Синхронный ирий 10 пиония

                - 10 пиония -

Теперь я не стою на перепутье двух дорог – теперь я иду одновременно по двум дорогам и не разрываюсь. Напротив, я целен как никогда. И то что раньше мучило и не давало покоя, и терзало и толкало даже к петле – теперь возбуждало и окрыляло. Я люблю двух женщин, как люблю солнце и луну, как день и ночь, как сумерки и рассвет. И здесь нет раздвоения – слитность, единый импульс, единая вспышка. Чёрная меланхолия, пессимистическая удручённость, танатологическая влечённость – прошли. Да, я отвергнут, но я люблю. Пусть это абстрактная, надуманная, воображаемая любовь, но всё же это любовь. Можно издеваться над ней, смеяться, пародировать, критиковать, анализировать и ставить диагнозы. Да мне наплевать на всё это. Никто ко мне в душу не влезет и не поймёт всей моей парадоксальной любви. И не надо понимать, и я не прошу об этом. Может быть для меня счастье – это когда меня не понимают. И спасибо за непонимание.

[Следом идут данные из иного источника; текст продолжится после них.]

(* Let $\mathcal{T}=(X,A,Z,(f_n))$ be a mapping tuple, fix a compatible metric on $Z$, let $d\in\omega$ and $(u,(V_x)_{x\in X})\in U_{\mathcal{T}}$. Then there is a family $(W_x)_{x\in X}$ of subsets of $Z$ such that (a) $(u,(W_x)_{x\in X})\in E_{\mathcal{T}}$; (b) for each $x\in X$, $W_x\subseteq V_x$, $W_x$ is clopen and $\mathrm{diam}(W_x)\le 2^{-d}$; (c) $W_x\cap W_y=\emptyset$ for $x\ne y$ in $X$.
   Context: An oriented graph on $X$ is an irreflexive $A\subseteq X^2$ with $A\cap A^{-1}=\emptyset$; $s(A)=A\cup A^{-1}$; $\mathrm{Succ}(x)=\{y:(x,y)\in A\}$. $A$ is an uogas if it is an oriented graph, $|\mathrm{Succ}(x)|\le1$ for all $x$, and $s(A)$ is acyclic (no injective $s(A)$-path $(x_i)_{i\le n}$, $n\ge2$, with $(x_n,x_0)\in s(A)$). A strongly complex situation is $(Z,(f_n)_{n\in\omega})$ with $Z$ a nonempty zero-dimensional perfect Polish space, each $f_n$ a partial continuous open map on $Z$ with clopen domain $D_n$ and clopen range, $\Delta(Z)\subseteq\overline{\bigcup_n\mathrm{Graph}(f_n)}\setminus\bigcup_n\mathrm{Graph}(f_n)$, and the restriction of any $f_n$ to any nonempty open subset of $D_n$ not countable-to-one. A mapping tuple is $\mathcal{T}=(X,A,Z,(f_n))$ with $A$ an uogas on a finite set $X$ and $(Z,(f_n))$ a strongly complex situation. $E_{\mathcal{T}}$ (resp. $U_{\mathcal{T}}$) is the set of pairs $(u,(V_x)_{x\in X})$ with $u\in\omega^X$ and each $V_x$ a nonempty open subset of $Z$ such that for all $(x,y)\in A$: $V_x\subseteq D_{u(x)}$ and $V_y=f_{u(x)}[V_x]$ (resp. $V_y\subseteq f_{u(x)}[V_x]$). *)

theory Defs
  imports "HOL-Analysis.Analysis"
begin

definition symm_rel :: "('b \<times> 'b) set \<Rightarrow> ('b \<times> 'b) set" where
  "symm_rel A = A \<union> A\<inverse>"

definition oriented_graph :: "'b set \<Rightarrow> ('b \<times> 'b) set \<Rightarrow> bool" where
  "oriented_graph X A \<longleftrightarrow> A \<subseteq> X \<times> X \<and> (\<forall>x. (x, x) \<notin> A) \<and> A \<inter> A\<inverse> = {}"

definition Succ :: "('b \<times> 'b) set \<Rightarrow> 'b \<Rightarrow> 'b set" where
  "Succ A x = {y. (x, y) \<in> A}"

definition s_acyclic :: "('b \<times> 'b) set \<Rightarrow> bool" where
  "s_acyclic A \<longleftrightarrow> \<not> (\<exists>(p :: nat \<Rightarrow> 'b) n. 2 \<le> n \<and> inj_on p {..n} \<and>
       (\<forall>i<n. (p i, p (Suc i)) \<in> symm_rel A) \<and> (p n, p 0) \<in> symm_rel A)"

definition uogas :: "'b set \<Rightarrow> ('b \<times> 'b) set \<Rightarrow> bool" where
  "uogas X A \<longleftrightarrow> oriented_graph X A \<and> (\<forall>x. card (Succ A x) \<le> 1 \<and> finite (Succ A x))
                 \<and> s_acyclic A"

definition clopenin :: "'a topology \<Rightarrow> 'a set \<Rightarrow> bool" where
  "clopenin T S \<longleftrightarrow> openin T S \<and> closedin T S"

definition pgraph :: "'a set \<Rightarrow> ('a \<Rightarrow> 'a) \<Rightarrow> ('a \<times> 'a) set" where
  "pgraph D f = {(z, f z) | z. z \<in> D}"

text \<open>Strongly complex situation (Z,(f_n)) where f_n has domain D_n.  Z is a subset of a
  metric space type, with the subspace topology; the ambient metric restricted to Z
  is the fixed compatible metric.\<close>
definition strongly_complex_situation ::
    "'a::metric_space set \<Rightarrow> (nat \<Rightarrow> 'a set) \<Rightarrow> (nat \<Rightarrow> 'a \<Rightarrow> 'a) \<Rightarrow> bool" where
  "strongly_complex_situation Z D f \<longleftrightarrow>
     Z \<noteq> {} \<and>
     (top_of_set Z) dim_le 0 \<and>
     Z \<subseteq> (top_of_set Z) derived_set_of Z \<and>
     completely_metrizable_space (top_of_set Z) \<and> separable_space (top_of_set Z) \<and>
     (\<forall>n. clopenin (top_of_set Z) (D n) \<and>
          continuous_map (subtopology (top_of_set Z) (D n)) (top_of_set Z) (f n) \<and>
          open_map (subtopology (top_of_set Z) (D n)) (top_of_set Z) (f n) \<and>
          clopenin (top_of_set Z) (f n ` D n)) \<and>
     (\<forall>z\<in>Z. (z, z) \<in> closure (\<Union>n. pgraph (D n) (f n)) \<and>
             (z, z) \<notin> (\<Union>n. pgraph (D n) (f n))) \<and>
     (\<forall>n V. openin (top_of_set Z) V \<and> V \<noteq> {} \<and> V \<subseteq> D n \<longrightarrow>
            \<not> (\<forall>w. countable ({z\<in>V. f n z = w})))"

definition mapping_tuple ::
    "'b set \<Rightarrow> ('b \<times> 'b) set \<Rightarrow> 'a::metric_space set \<Rightarrow> (nat \<Rightarrow> 'a set) \<Rightarrow> (nat \<Rightarrow> 'a \<Rightarrow> 'a) \<Rightarrow> bool" where
  "mapping_tuple X A Z D f \<longleftrightarrow> finite X \<and> uogas X A \<and> strongly_complex_situation Z D f"

definition E_T ::
    "'b set \<Rightarrow> ('b \<times> 'b) set \<Rightarrow> 'a::metric_space set \<Rightarrow> (nat \<Rightarrow> 'a set) \<Rightarrow> (nat \<Rightarrow> 'a \<Rightarrow> 'a)
     \<Rightarrow> (('b \<Rightarrow> nat) \<times> ('b \<Rightarrow> 'a set)) set" where
  "E_T X A Z D f = {(u, V) | u V.
      (\<forall>x\<in>X. openin (top_of_set Z) (V x) \<and> V x \<noteq> {}) \<and>
      (\<forall>(x, y)\<in>A. V x \<subseteq> D (u x) \<and> V y = f (u x) ` V x)}"

definition U_T ::
    "'b set \<Rightarrow> ('b \<times> 'b) set \<Rightarrow> 'a::metric_space set \<Rightarrow> (nat \<Rightarrow> 'a set) \<Rightarrow> (nat \<Rightarrow> 'a \<Rightarrow> 'a)
     \<Rightarrow> (('b \<Rightarrow> nat) \<times> ('b \<Rightarrow> 'a set)) set" where
  "U_T X A Z D f = {(u, V) | u V.
      (\<forall>x\<in>X. openin (top_of_set Z) (V x) \<and> V x \<noteq> {}) \<and>
      (\<forall>(x, y)\<in>A. V x \<subseteq> D (u x) \<and> V y \<subseteq> f (u x) ` V x)}"

end

theory Submission
  imports Defs "HOL-Library.Transitive_Closure_Table"
begin

(* A uogas on a finite set is a forest whose edges point from a vertex to its unique successor,
   so everything below is proved by removing a vertex without predecessors (a leaf).  Pulling back
   along the edge leaving the leaf turns a U-family into an E-family and allows an E-family to be
   shrunk at any prescribed vertex.  Since the maps are nowhere countable-to-one and Z is perfect,
   every point of a suitable open set has arbitrarily many preimages in the set at the leaf, so an
   induction produces an injective thread: points z x \<in> W x with f (u x) (z x) = z y along every
   edge.  Around the distinct points z x, zero-dimensionality provides clopen neighbourhoods inside
   small disjoint balls, and one more leaf induction makes them an E-family. *)

lemma oriented_graph_s_acyclic_imp_acyclic:
  assumes og: "oriented_graph X A" and sa: "s_acyclic A"
  shows "acyclic A"
proof (rule acyclicI, rule allI, rule notI)
  fix x assume "(x, x) \<in> A\<^sup>+"
  then obtain y where xy: "(x, y) \<in> A" and "(y, x) \<in> A\<^sup>*"
    by (meson tranclD)
  then obtain ys where "rtrancl_path (\<lambda>a b. (a, b) \<in> A) y ys x"
    using rtranclp_eq_rtrancl_path[of "\<lambda>a b. (a, b) \<in> A"] by (auto simp: rtrancl_def)
  (* A repetition-free path from y back to x, closed by the edge (x, y), is an injective cycle. *)
  then obtain zs where zs: "rtrancl_path (\<lambda>a b. (a, b) \<in> A) y zs x" "distinct (y # zs)"
    by (rule rtrancl_path_distinct)
  define p where "p i = (y # zs) ! i" for i
  define n where "n = length zs"
  have "last (y # zs) = x"
    using zs(1) rtrancl_path_last[OF zs(1)] by (cases zs) (auto elim: rtrancl_path.cases)
  then have last: "p n = x" by (simp add: p_def n_def last_conv_nth[of "y # zs", simplified])
  have edges: "(p i, p (Suc i)) \<in> A" if "i < n" for i
    using rtrancl_path_nth[OF zs(1)] that by (simp add: p_def n_def)
  have "inj_on p {..n}"
    using zs(2) by (auto simp: inj_on_def p_def n_def distinct_conv_nth less_Suc_eq_le)
  moreover have "2 \<le> n"
  proof -
    have "n \<noteq> 0" using last og xy by (auto simp: p_def oriented_graph_def)
    moreover have "n \<noteq> 1" using last edges[of 0] og xy by (auto simp: p_def oriented_graph_def)
    ultimately show ?thesis by linarith
  qed
  moreover have "(p n, p 0) \<in> symm_rel A" using last xy by (simp add: p_def symm_rel_def)
  ultimately show False
    using sa edges unfolding s_acyclic_def symm_rel_def by blast
qed

lemma dim_le_0_clopen_neighbourhood:
  assumes "T dim_le 0" "openin T U" "x \<in> U"
  obtains C where "closedin T C" "openin T C" "x \<in> C" "C \<subseteq> U"
  using assms
  by (force simp: dimension_le_0_neighbourhood_base_of_clopen open_neighbourhood_base_of)

lemma perfect_openin_infinite:
  assumes "Hausdorff_space T" "topspace T \<subseteq> T derived_set_of topspace T"
    and "openin T S" "S \<noteq> {}"
  shows "infinite S"
proof -
  obtain x where x: "x \<in> S" using assms(4) by blast
  have "x \<in> T derived_set_of topspace T" using assms(2,3) x openin_subset by blast
  then have "infinite (topspace T \<inter> S)"
    using derived_set_of_infinite_openin[OF assms(1)] x assms(3) by blast
  moreover have "topspace T \<inter> S = S" using openin_subset[OF assms(3)] by blast
  ultimately show ?thesis by simp
qed

lemma finite_disjoint_balls:
  fixes B :: "'a::metric_space set"
  assumes "finite B"
  obtains \<delta> where "\<delta> > 0" "\<And>b b'. b \<in> B \<Longrightarrow> b' \<in> B \<Longrightarrow> b \<noteq> b' \<Longrightarrow> ball b \<delta> \<inter> ball b' \<delta> = {}"
proof -
  define \<Delta> where "\<Delta> = insert 1 ((\<lambda>(b, b'). dist b b' / 2) ` {p \<in> B \<times> B. fst p \<noteq> snd p})"
  have fin: "finite \<Delta>" using assms by (simp add: \<Delta>_def)
  have "Min \<Delta> > 0" using fin by (auto simp: \<Delta>_def Min_gr_iff)
  moreover have "ball b (Min \<Delta>) \<inter> ball b' (Min \<Delta>) = {}"
    if "b \<in> B" "b' \<in> B" "b \<noteq> b'" for b b'
  proof (rule equals0I)
    fix x assume "x \<in> ball b (Min \<Delta>) \<inter> ball b' (Min \<Delta>)"
    then have "dist b x < Min \<Delta>" "dist b' x < Min \<Delta>" by auto
    moreover have "dist b b' / 2 \<in> \<Delta>"
      using that unfolding \<Delta>_def by (intro insertI2 image_eqI[of _ _ "(b, b')"]) auto
    then have "Min \<Delta> \<le> dist b b' / 2" by (rule Min_le[OF fin])
    moreover have "dist b b' \<le> dist b x + dist b' x" by (rule dist_triangle2)
    ultimately show False by linarith
  qed
  ultimately show thesis using that by blast
qed

lemma card_outside_union_image:
  assumes "finite F" "finite K" "card F + card K < card T"
  obtains a where "a \<in> T" "a \<notin> F" "a \<notin> g ` K"
proof -
  have "card (F \<union> g ` K) \<le> card F + card K"
    using card_Un_le[of F "g ` K"] card_image_le[OF assms(2), of g] by linarith
  then have "\<not> T \<subseteq> F \<union> g ` K"
    using assms card_mono[of "F \<union> g ` K" T] by auto
  then show thesis using that by blast
qed

definition forest :: "'b set \<Rightarrow> ('b \<times> 'b) set \<Rightarrow> bool" where
  "forest X A \<longleftrightarrow> finite X \<and> A \<subseteq> X \<times> X \<and> single_valued A \<and> acyclic A"

lemma uogas_imp_forest:
  assumes "finite X" "uogas X A"
  shows "forest X A"
proof -
  have "single_valued A"
  proof (rule single_valuedI)
    fix x y y' assume "(x, y) \<in> A" "(x, y') \<in> A"
    moreover have "card (Succ A x) \<le> 1" "finite (Succ A x)"
      using assms(2) by (auto simp: uogas_def)
    ultimately show "y = y'" by (auto simp: Succ_def card_le_Suc0_iff_eq)
  qed
  then show ?thesis
    using assms oriented_graph_s_acyclic_imp_acyclic
    by (auto simp: forest_def uogas_def oriented_graph_def)
qed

Ирэн и не собиралась возвращаться, а Зоя хоть… но нет… она не вернётся. И это правильно. В этом есть логика. И если бы было иначе, то это бы выглядело совершенно неестественно, как в бездарной пьесе, поставленной бездарным режиссёром, преследующем лишь одну цель: хэппи энд. И пусть я живу только воспоминаниями… Но из воспоминаний можно создать книгу… и не одну. И пусть это будут графоманские каракули, и пусть их бесследно уничтожит движение эпох, но всё же моя искра, хоть и одинокая, оставленная и покинутая, оставит световой лучистый след, и моя отвергнутая и смешная любовь, пусть и рассеянным ничтожным облачком тепла, хоть чуть-чуть согреет ледяную бесконечность межзвёздной тьмы.

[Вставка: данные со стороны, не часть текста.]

lemma obvious_manipulation_against_valley:
  assumes i: "i \<in> {1..n}" and lr: "0 < l" "0 < r" and m: "m \<in> {a..b}"
    and Ri: "in_U a b (valley_pref a b l r m)" and y: "y \<in> {a..b}" "y \<noteq> m"
    and truthful: "rest_value (c i) (d i) (top a b (valley_pref a b l r m)) m = m"
    and misreport: "rest_value (c i) (d i) y m = y"
    and worst: "\<And>z. z \<in> {rest_value (c i) (d i) y a .. rest_value (c i) (d i) y b} \<Longrightarrow> z \<in> {a..b} \<Longrightarrow>
      valley_pref a b l r m z y"
  shows "obvious_manipulation a b n rule i (valley_pref a b l r m) (single_peaked_pref a b y)"
proof -
  let ?Ri = "valley_pref a b l r m" and ?Ri' = "single_peaked_pref a b y"
  let ?R = "\<lambda>j::nat. single_peaked_pref a b m"
  have Ri': "in_U a b ?Ri'" "top a b ?Ri' = y"
    using single_peaked_pref_in_U[OF y(1)] by auto
  have R: "is_profile a b n ?R"
    using is_profile_single_peaked[OF m] .
  have truthful_outcome: "rule (?R(i := ?Ri)) = m"
    using rule_against_unanimous[OF m Ri i] truthful by simp
  have misreport_outcome: "rule (?R(i := ?Ri')) = y"
    using rule_against_unanimous[OF m Ri'(1) i] misreport Ri'(2) by simp
  have "m \<in> option_set a b n rule i ?Ri"
    using outcome_in_option_set[OF R, of rule i ?Ri] truthful_outcome by simp
  then have "is_worst_in ?Ri (option_set a b n rule i ?Ri) (rule (?R(i := ?Ri)))"
    unfolding truthful_outcome
    by (rule valley_pref_worst_in[OF lr _ option_set_subset[OF Ri i]])
  moreover have "is_worst_in ?Ri (option_set a b n rule i ?Ri') (rule (?R(i := ?Ri')))"
    unfolding is_worst_in_def
  proof
    show "rule (?R(i := ?Ri')) \<in> option_set a b n rule i ?Ri'"
      by (rule outcome_in_option_set[OF R])
    show "\<forall>z\<in>option_set a b n rule i ?Ri'. ?Ri z (rule (?R(i := ?Ri')))"
      unfolding misreport_outcome
      using worst option_set_subset_rest_values[OF Ri'(1) i] option_set_subset[OF Ri'(1) i]
      unfolding Ri'(2) by blast
  qed
  moreover have "strict ?Ri (rule (?R(i := ?Ri'))) (rule (?R(i := ?Ri)))"
    unfolding truthful_outcome misreport_outcome by (rule valley_pref_bottom(2)[OF lr y(1) m y(2)])
  ultimately show ?thesis
    by (rule obvious_manipulation_by_worst_outcomes[OF R])
qed

lemma obvious_manipulation_if_phantoms_above_bottom:
  assumes i: "i \<in> {1..n}" and "a < c i" "a < d i"
  shows "\<exists>Ri Ri'. in_U a b Ri \<and> in_U a b Ri' \<and> obvious_manipulation a b n rule i Ri Ri'"
proof -
  define m where "m = (a + min (c i) (d i)) / 2"
  have m: "a < m" "m < c i" "m < d i" "m \<in> {a..b}" and c: "c i \<in> {a..b}"
    using assms phantoms_range[OF i] unfolding m_def by auto
  define Ri where "Ri = valley_pref a b (b - a) (m - a) m"
  have "valley (b - a) (m - a) m b < valley (b - a) (m - a) m a"
    using m by (simp add: valley_left valley_right mult.commute[of "m - a"])
  then have "valley (b - a) (m - a) m s < valley (b - a) (m - a) m a" if "s \<in> {a, b}" "s \<noteq> a" for s
    using that by auto
  then have Ri: "in_U a b Ri" "top a b Ri = a"
    unfolding Ri_def using m a_less_b valley_pref_in_U[of a b "b - a" "m - a" a m] by auto
  have truthful: "rest_value (c i) (d i) (top a b Ri) m = m"
    using m unfolding Ri(2) rest_value_def by auto
  have misreport: "rest_value (c i) (d i) (c i) m = c i"
    using m unfolding rest_value_def by auto
  have worst: "Ri z (c i)"
    if "z \<in> {rest_value (c i) (d i) (c i) a .. rest_value (c i) (d i) (c i) b}" "z \<in> {a..b}" for z
  proof -
    have "rest_value (c i) (d i) (c i) a = c i"
      using assms unfolding rest_value_def by auto
    then have "c i \<le> z"
      using that(1) by simp
    then show ?thesis
      unfolding Ri_def using m c that(2) by (intro valley_pref_mono) auto
  qed
  have "obvious_manipulation a b n rule i Ri (single_peaked_pref a b (c i))"
    using obvious_manipulation_against_valley[OF i _ _ m(4) Ri(1)[unfolded Ri_def] c _
        truthful[unfolded Ri_def] misreport worst[unfolded Ri_def]] m
    unfolding Ri_def by auto
  then show ?thesis
    using Ri(1) single_peaked_pref_in_U(1)[OF c] by blast
qed

lemma obvious_manipulation_if_phantoms_below_top:
  assumes i: "i \<in> {1..n}" and "c i < b" "d i < b"
  shows "\<exists>Ri Ri'. in_U a b Ri \<and> in_U a b Ri' \<and> obvious_manipulation a b n rule i Ri Ri'"
proof -
  define m where "m = (b + max (c i) (d i)) / 2"
  have m: "m < b" "c i < m" "d i < m" "m \<in> {a..b}" and d: "d i \<in> {a..b}"
    using assms phantoms_range[OF i] unfolding m_def by auto
  define Ri where "Ri = valley_pref a b (b - m) (b - a) m"
  have "valley (b - m) (b - a) m a < valley (b - m) (b - a) m b"
    using m by (simp add: valley_left valley_right mult.commute[of "b - a"])
  then have "valley (b - m) (b - a) m s < valley (b - m) (b - a) m b" if "s \<in> {a, b}" "s \<noteq> b" for s
    using that by auto
  then have Ri: "in_U a b Ri" "top a b Ri = b"
    unfolding Ri_def using m a_less_b valley_pref_in_U[of a b "b - m" "b - a" b m] by auto
  have truthful: "rest_value (c i) (d i) (top a b Ri) m = m"
    using m unfolding Ri(2) rest_value_def by auto
  have misreport: "rest_value (c i) (d i) (d i) m = d i"
    using m unfolding rest_value_def by auto
  have worst: "Ri z (d i)"
    if "z \<in> {rest_value (c i) (d i) (d i) a .. rest_value (c i) (d i) (d i) b}" "z \<in> {a..b}" for z
  proof -
    have "rest_value (c i) (d i) (d i) b = d i"
      using assms unfolding rest_value_def by auto
    then have "z \<le> d i"
      using that(1) by simp
    then show ?thesis
      unfolding Ri_def using m d that(2) by (intro valley_pref_mono) auto
  qed
  have "obvious_manipulation a b n rule i Ri (single_peaked_pref a b (d i))"
    using obvious_manipulation_against_valley[OF i _ _ m(4) Ri(1)[unfolded Ri_def] d _
        truthful[unfolded Ri_def] misreport worst[unfolded Ri_def]] m
    unfolding Ri_def by auto
  then show ?thesis
    using Ri(1) single_peaked_pref_in_U(1)[OF d] by blast
qed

Да, я предаюсь воспоминаниям и только. Однако они фундамент моего будущего творчества, а может и вечного. Ведь творчество вечно. Может быть только оно и вечно в этом постоянно изменяющемся бренном мире. Люблю гулять под дождём и вспоминать: и плохое, и хорошее. Я помню всё – у меня чудовищная память – каждую деталь. Помню всё, чтобы плакать и смеяться, смеяться и плакать. И благодарить. И не отступать. И чтобы не забывать.

Ирэн никогда меня не ревновала к Зое. Не знаю, может в глубине души, но на поверхности – ни словом, ни делом, ни взглядом, ни намёком. Не скажу, что Ирэн равнодушная и железная, может просто отстранённая, не от мира сего, также как и я. А вот Зоя… вспыльчивая, взрывоопасная, резкая, несдержанная, нетерпеливая… также как и я. Она постоянно меня ревновала и выплёскивала эту ревность сначала на мои произведения, а потом – на прямую – и на самого меня – словно выливала ведро кипятка на голову.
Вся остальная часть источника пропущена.